Il servizio Verifica inadempimenti, gestito dall’Agenzia delle Entrate-Riscossione, consente alle Pubbliche amministrazioni di ottemperare all’obbligo stabilito dall’art. 48-bis D.P.R. n.602/73 di verificare, prima di effettuare a qualunque titolo un pagamento di importo superiore a 5mila euro, se il beneficiario è inadempiente all’obbligo di versamento derivante dalla notifica di una o più cartelle di pagamento per un ammontare complessivo pari almeno a tale importo e, in caso affermativo, di segnalare la circostanza ad Agenzia delle entrate-Riscossione, ai fini dell’esercizio dell’attività di riscossione delle somme iscritte a ruolo.
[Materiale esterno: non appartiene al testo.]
lemma dist_split_mono_biprod:
  assumes d: "Dist C X Y Z f g h" and r: "r \<in> Hom C Y X" and rf: "Comp C r f = Idm C X"
  shows "is_biprod C X Z Y"
proof -
  have f: "f \<in> Hom C X Y" and g: "g \<in> Hom C Y Z" using dist_hom[OF d] by auto
  obtain s where s: "s \<in> Hom C Z Y" and sum: "Add C (Comp C f r) (Comp C s g) = Idm C Y"
    using dist_split_mono_complement[OF d r rf] .
  note epi = dist_third_zero_cancel[OF d dist_split_mono_third_zero[OF d r rf]]
  have fr: "Comp C f r \<in> Hom C Y Y" and sg: "Comp C s g \<in> Hom C Y Y"
    and gs: "Comp C g s \<in> Hom C Z Z" and rs: "Comp C r s \<in> Hom C Z X"
    using hom_comp[OF r f] hom_comp[OF g s] hom_comp[OF s g] hom_comp[OF s r] by auto
  have gf: "Comp C g f = Zer C X Z" by (rule dist_comp_zero[OF d])
  have "g = Comp C g (Add C (Comp C f r) (Comp C s g))" using sum id_right[OF g] by simp
  also have "\<dots> = Add C (Comp C (Comp C g f) r) (Comp C (Comp C g s) g)"
    using comp_add_right[OF fr sg g] comp_assoc[OF r f g] comp_assoc[OF g s g] by simp
  also have "\<dots> = Comp C (Comp C g s) g"
    using gf comp_zero_left[OF r] zero_add_left[OF hom_comp[OF g gs]] by simp
  finally have "Comp C (Add C (Comp C g s) (Neg C (Idm C Z))) g = Zer C Y Z"
    using comp_add_left[OF g gs hom_neg[OF hom_id]] comp_neg_left[OF g hom_id] id_left[OF g]
      add_neg_right[OF g] by simp
  then have gs_id: "Comp C g s = Idm C Z"
    using epi[OF hom_add[OF gs hom_neg[OF hom_id]]] eq_if_add_neg_zero[OF gs hom_id] by blast
  have "r = Comp C r (Add C (Comp C f r) (Comp C s g))" using sum id_right[OF r] by simp
  also have "\<dots> = Add C (Comp C (Comp C r f) r) (Comp C (Comp C r s) g)"
    using comp_add_right[OF fr sg r] comp_assoc[OF r f r] comp_assoc[OF g s r] by simp
  finally have "Add C r (Zer C Y X) = Add C r (Comp C (Comp C r s) g)"
    using rf id_left[OF r] add_zero_right[OF r] by simp
  then have "Comp C (Comp C r s) g = Zer C Y X"
    using add_left_cancel[OF r hom_zero hom_comp[OF g rs]] by simp
  then have rs_zero: "Comp C r s = Zer C Z X" using epi[OF rs] by blast
  show ?thesis unfolding is_biprod_def using f s r g rf gs_id rs_zero gf sum by blast
qed
theorem lemma3p2:
  fixes n :: nat
  assumes "n \<ge> 4"
  shows "\<exists>p :: nat \<Rightarrow> real \<times> real. convex_ngon n p \<and>
           (\<exists>x :: nat \<Rightarrow> nat \<Rightarrow> nat \<Rightarrow> real.
              (\<forall>i j. is_diag n i j \<longrightarrow> in_XQ n p (x i j)) \<and>
              (\<forall>i j i' j'. is_diag n i j \<longrightarrow> is_diag n i' j' \<longrightarrow> swaps n i j i' j' \<longrightarrow>
                  pairing n p i j (x i' j') > 0))"
proof -
  define x where "x a b = (SOME c. in_XQ n (vertex n) c \<and> (\<forall>k\<in>{1..n} - {a, b}. c k < 0)
    \<and> c b + c (b - 1) \<le> 0)" for a b
  have x: "in_XQ n (vertex n) (x a b) \<and> (\<forall>k\<in>{1..n} - {a, b}. x a b k < 0)
      \<and> x a b b + x a b (b - 1) \<le> 0" if "is_diag n a b" for a b
    using separating_vector_exists[OF is_diag_bounds[OF that]] unfolding x_def by (rule someI_ex)
  show ?thesis
  proof (intro exI[of _ "vertex n"] exI[of _ x] conjI allI impI)
    show "convex_ngon n (vertex n)"
      by (rule convex_ngon_if_ccw[OF ccw_polygon_vertex])
    show "in_XQ n (vertex n) (x i j)" if "is_diag n i j" for i j
      using x[OF that] by blast
    show "0 < pairing n (vertex n) i j (x a b)"
      if "is_diag n i j" "is_diag n a b" "swaps n i j a b" for i j a b
      using pairing_vertex_pos_if_swaps[OF that] x[OF that(2)] by blast
  qed
qed

end
lemma infsum_local_quartic_le:
  "(\<Sum>\<^sub>\<infinity>n. local_quartic w n) \<le> (normH_sq w)^2 + (cmod (bracket w w))^2"
proof -
  define c where "c = (\<lambda>(n, m). (cmod (w n * cnj (w m) + cnj (w (- n)) * w (- m)))^2)"
  define d where "d = (\<lambda>n. c (n, n) + (if n = 0 then 0 else c (n, - n)))"
  have c_sum: "(c has_sum 2 * ((normH_sq w)^2 + (cmod (bracket w w))^2)) UNIV"
    unfolding c_def by (rule has_sum_pair_norm_sq)
  have "0 \<le> c p" for p
    by (simp add: c_def case_prod_unfold)
  note d_le = diagonals_summable_le[OF has_sum_imp_summable[OF c_sum] this, folded d_def]
  have diag: "c (n, n) = ((cmod (w n))^2 + (cmod (w (- n)))^2)^2" for n
  proof -
    have "w n * cnj (w n) + cnj (w (- n)) * w (- n) = of_real ((cmod (w n))^2 + (cmod (w (- n)))^2)"
      using complex_norm_square[of "w n"] complex_norm_square[of "w (- n)"] by (simp add: mult.commute)
    then have "c (n, n) = (cmod (of_real ((cmod (w n))^2 + (cmod (w (- n)))^2)))^2"
      by (simp only: c_def prod.case)
    then show ?thesis
      by (simp only: norm_of_real power2_abs)
  qed
  have antidiag: "c (n, - n) = 4 * (cmod (w n))^2 * (cmod (w (- n)))^2" for n
    by (simp add: c_def mult.commute[of "cnj (w (- n))"] norm_mult power_mult_distrib flip: mult_2)
  have "local_quartic w n + local_quartic w (- n) \<le> d n" for n
    by (cases "n = 0") (auto simp: local_quartic_def d_def diag antidiag power2_eq_square algebra_simps)
  then have "(\<Sum>\<^sub>\<infinity>n. local_quartic w n + local_quartic w (- n)) \<le> (\<Sum>\<^sub>\<infinity>n. d n)"
    using local_quartic_summable summable_on_reflect_iff[where f = "local_quartic w"] d_le(1)
    by (intro infsum_mono summable_on_add) auto
  moreover have "(\<Sum>\<^sub>\<infinity>n. local_quartic w n + local_quartic w (- n)) = 2 * (\<Sum>\<^sub>\<infinity>n. local_quartic w n)"
    using local_quartic_summable summable_on_reflect_iff[where f = "local_quartic w"]
    by (simp add: infsum_add infsum_reflect[where f = "local_quartic w"])
  ultimately show ?thesis
    using d_le(2) infsumI[OF c_sum] by simp
qed

end

theorem lemma2p3:
  fixes s :: real and w :: "int \<Rightarrow> complex"
  assumes "s > 1/2" and "in_Hs s w"
  shows "bracket (Nop w) (conjf w) \<in> \<real> \<and> Re (bracket (Nop w) (conjf w)) \<ge> (normH_sq w)^2"
proof -
  have square_summable: "(\<lambda>n. (cmod (w n))^2) summable_on UNIV"
    using assms by (intro square_summable_if_in_Hs[of s]) auto
  show ?thesis
    using bracket_Nop_conjf[OF square_summable] infsum_local_quartic_le[OF square_summable]
    by simp
qed

end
Per facilitare l’espletamento degli obblighi di legge, il Servizio di verifica inadempimenti consente di eseguire contemporaneamente la verifica su più beneficiari di pagamento. Per utilizzare questa funzionalità, l’Amministrazione dovrà estrarre dai propri sistemi informatici i dati dei beneficiari dei pagamenti da sottoporre a verifica e predisporli in file, con formato e tracciato standard rispondenti ai requisiti tecnici previsti.
Modalità e ambiti di applicazione dell’art. 48-bis, sono regolati dalle circolari emanate dalla Ragioneria Generale dello Stato che forniscono chiarimenti e precisazioni in materia di pagamenti delle Pubbliche Amministrazioni.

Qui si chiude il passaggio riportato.